lemma averaged_compression_error_le:
  fixes f :: "nat \<Rightarrow> 'a::euclidean_space \<Rightarrow> real"
  assumes "\<And>i. i < n \<Longrightarrow> convex_on UNIV (f i)" "\<And>i. i < n \<Longrightarrow> L_smooth (f i) (gf i) (Li i)"
    and "\<And>i. i < n \<Longrightarrow> 0 \<le> w i"
  shows "(1 / real n)\<^sup>2 * (\<Sum>i<n. w i * (norm (gf i x - v i))\<^sup>2)
      \<le> 4 * Max ((\<lambda>i. Li i * w i) ` {..<n}) / real n
            * bregman (\<lambda>x. (1 / real n) * (\<Sum>i<n. f i x)) (\<lambda>x. (1 / real n) *\<^sub>R (\<Sum>i<n. gf i x)) x y
          + (2 / real n) * ((1 / real n) * (\<Sum>i<n. w i * (norm (v i - gf i y))\<^sup>2))"
proof -
  define m where "m = Max ((\<lambda>i. Li i * w i) ` {..<n})"
  define D where "D = (\<Sum>i<n. bregman (f i) (gf i) x y)"
  define \<sigma> where "\<sigma> = (\<Sum>i<n. w i * (norm (v i - gf i y))\<^sup>2)"
  have "(\<Sum>i<n. w i * (norm (gf i x - v i))\<^sup>2)
      \<le> (\<Sum>i<n. 4 * m * bregman (f i) (gf i) x y + 2 * (w i * (norm (v i - gf i y))\<^sup>2))"
    using assms by (intro sum_mono compression_error_le_bregman) (auto simp: m_def)
  also have "\<dots> = 4 * m * D + 2 * \<sigma>"
    by (simp add: D_def \<sigma>_def sum.distrib sum_distrib_left)
  finally have "(1 / real n)\<^sup>2 * (\<Sum>i<n. w i * (norm (gf i x - v i))\<^sup>2)
      \<le> (1 / real n)\<^sup>2 * (4 * m * D + 2 * \<sigma>)"
    by (rule mult_left_mono) simp
  also have "\<dots> = 4 * m / real n * ((1 / real n) * D) + (2 / real n) * ((1 / real n) * \<sigma>)"
    by (simp add: field_simps power2_eq_square) (simp add: add_divide_distrib)
  finally show ?thesis
    by (simp only: bregman_scaled_sum m_def D_def \<sigma>_def)
qed

lemma
  fixes f :: "'a \<Rightarrow> real"
  assumes "f \<in> borel_measurable M" "\<And>x. 0 \<le> f x" "(\<integral>\<^sup>+x. ennreal (f x) \<partial>M) \<le> ennreal c" "0 \<le> c"
  shows nn_integral_le_imp_integrable: "integrable M f"
    and nn_integral_le_imp_integral_le: "integral\<^sup>L M f \<le> c"
proof -
  have "(\<integral>\<^sup>+x. ennreal (f x) \<partial>M) < \<infinity>"
    using assms(3) by (simp add: le_less_trans)
  then show "integrable M f"
    using assms(1,2) by (intro integrableI_nonneg) auto
  have "integral\<^sup>L M f = enn2real (\<integral>\<^sup>+x. ennreal (f x) \<partial>M)"
    using assms(1,2) by (intro integral_eq_nn_integral) auto
  also have "\<dots> \<le> c"
    using assms(3,4) by (metis enn2real_ennreal enn2real_mono ennreal_less_top)
  finally show "integral\<^sup>L M f \<le> c" .
qed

### Task item
Nothing in the data may change. Give it again in full.

### Exercise response
lemma averaged_compression_error_le:
  fixes f :: "nat \<Rightarrow> 'a::euclidean_space \<Rightarrow> real"
  assumes "\<And>i. i < n \<Longrightarrow> convex_on UNIV (f i)" "\<And>i. i < n \<Longrightarrow> L_smooth (f i) (gf i) (Li i)"
    and "\<And>i. i < n \<Longrightarrow> 0 \<le> w i"
  shows "(1 / real n)\<^sup>2 * (\<Sum>i<n. w i * (norm (gf i x - v i))\<^sup>2)
      \<le> 4 * Max ((\<lambda>i. Li i * w i) ` {..<n}) / real n
            * bregman (\<lambda>x. (1 / real n) * (\<Sum>i<n. f i x)) (\<lambda>x. (1 / real n) *\<^sub>R (\<Sum>i<n. gf i x)) x y
          + (2 / real n) * ((1 / real n) * (\<Sum>i<n. w i * (norm (v i - gf i y))\<^sup>2))"
proof -
  define m where "m = Max ((\<lambda>i. Li i * w i) ` {..<n})"
  define D where "D = (\<Sum>i<n. bregman (f i) (gf i) x y)"
  define \<sigma> where "\<sigma> = (\<Sum>i<n. w i * (norm (v i - gf i y))\<^sup>2)"
  have "(\<Sum>i<n. w i * (norm (gf i x - v i))\<^sup>2)
      \<le> (\<Sum>i<n. 4 * m * bregman (f i) (gf i) x y + 2 * (w i * (norm (v i - gf i y))\<^sup>2))"
    using assms by (intro sum_mono compression_error_le_bregman) (auto simp: m_def)
  also have "\<dots> = 4 * m * D + 2 * \<sigma>"
    by (simp add: D_def \<sigma>_def sum.distrib sum_distrib_left)
  finally have "(1 / real n)\<^sup>2 * (\<Sum>i<n. w i * (norm (gf i x - v i))\<^sup>2)
      \<le> (1 / real n)\<^sup>2 * (4 * m * D + 2 * \<sigma>)"
    by (rule mult_left_mono) simp
  also have "\<dots> = 4 * m / real n * ((1 / real n) * D) + (2 / real n) * ((1 / real n) * \<sigma>)"
    by (simp add: field_simps power2_eq_square) (simp add: add_divide_distrib)
  finally show ?thesis
    by (simp only: bregman_scaled_sum m_def D_def \<sigma>_def)
qed

lemma
  fixes f :: "'a \<Rightarrow> real"
  assumes "f \<in> borel_measurable M" "\<And>x. 0 \<le> f x" "(\<integral>\<^sup>+x. ennreal (f x) \<partial>M) \<le> ennreal c" "0 \<le> c"
  shows nn_integral_le_imp_integrable: "integrable M f"
    and nn_integral_le_imp_integral_le: "integral\<^sup>L M f \<le> c"
proof -
  have "(\<integral>\<^sup>+x. ennreal (f x) \<partial>M) < \<infinity>"
    using assms(3) by (simp add: le_less_trans)
  then show "integrable M f"
    using assms(1,2) by (intro integrableI_nonneg) auto
  have "integral\<^sup>L M f = enn2real (\<integral>\<^sup>+x. ennreal (f x) \<partial>M)"
    using assms(1,2) by (intro integral_eq_nn_integral) auto
  also have "\<dots> \<le> c"
    using assms(3,4) by (metis enn2real_ennreal enn2real_mono ennreal_less_top)
  finally show "integral\<^sup>L M f \<le> c" .
qed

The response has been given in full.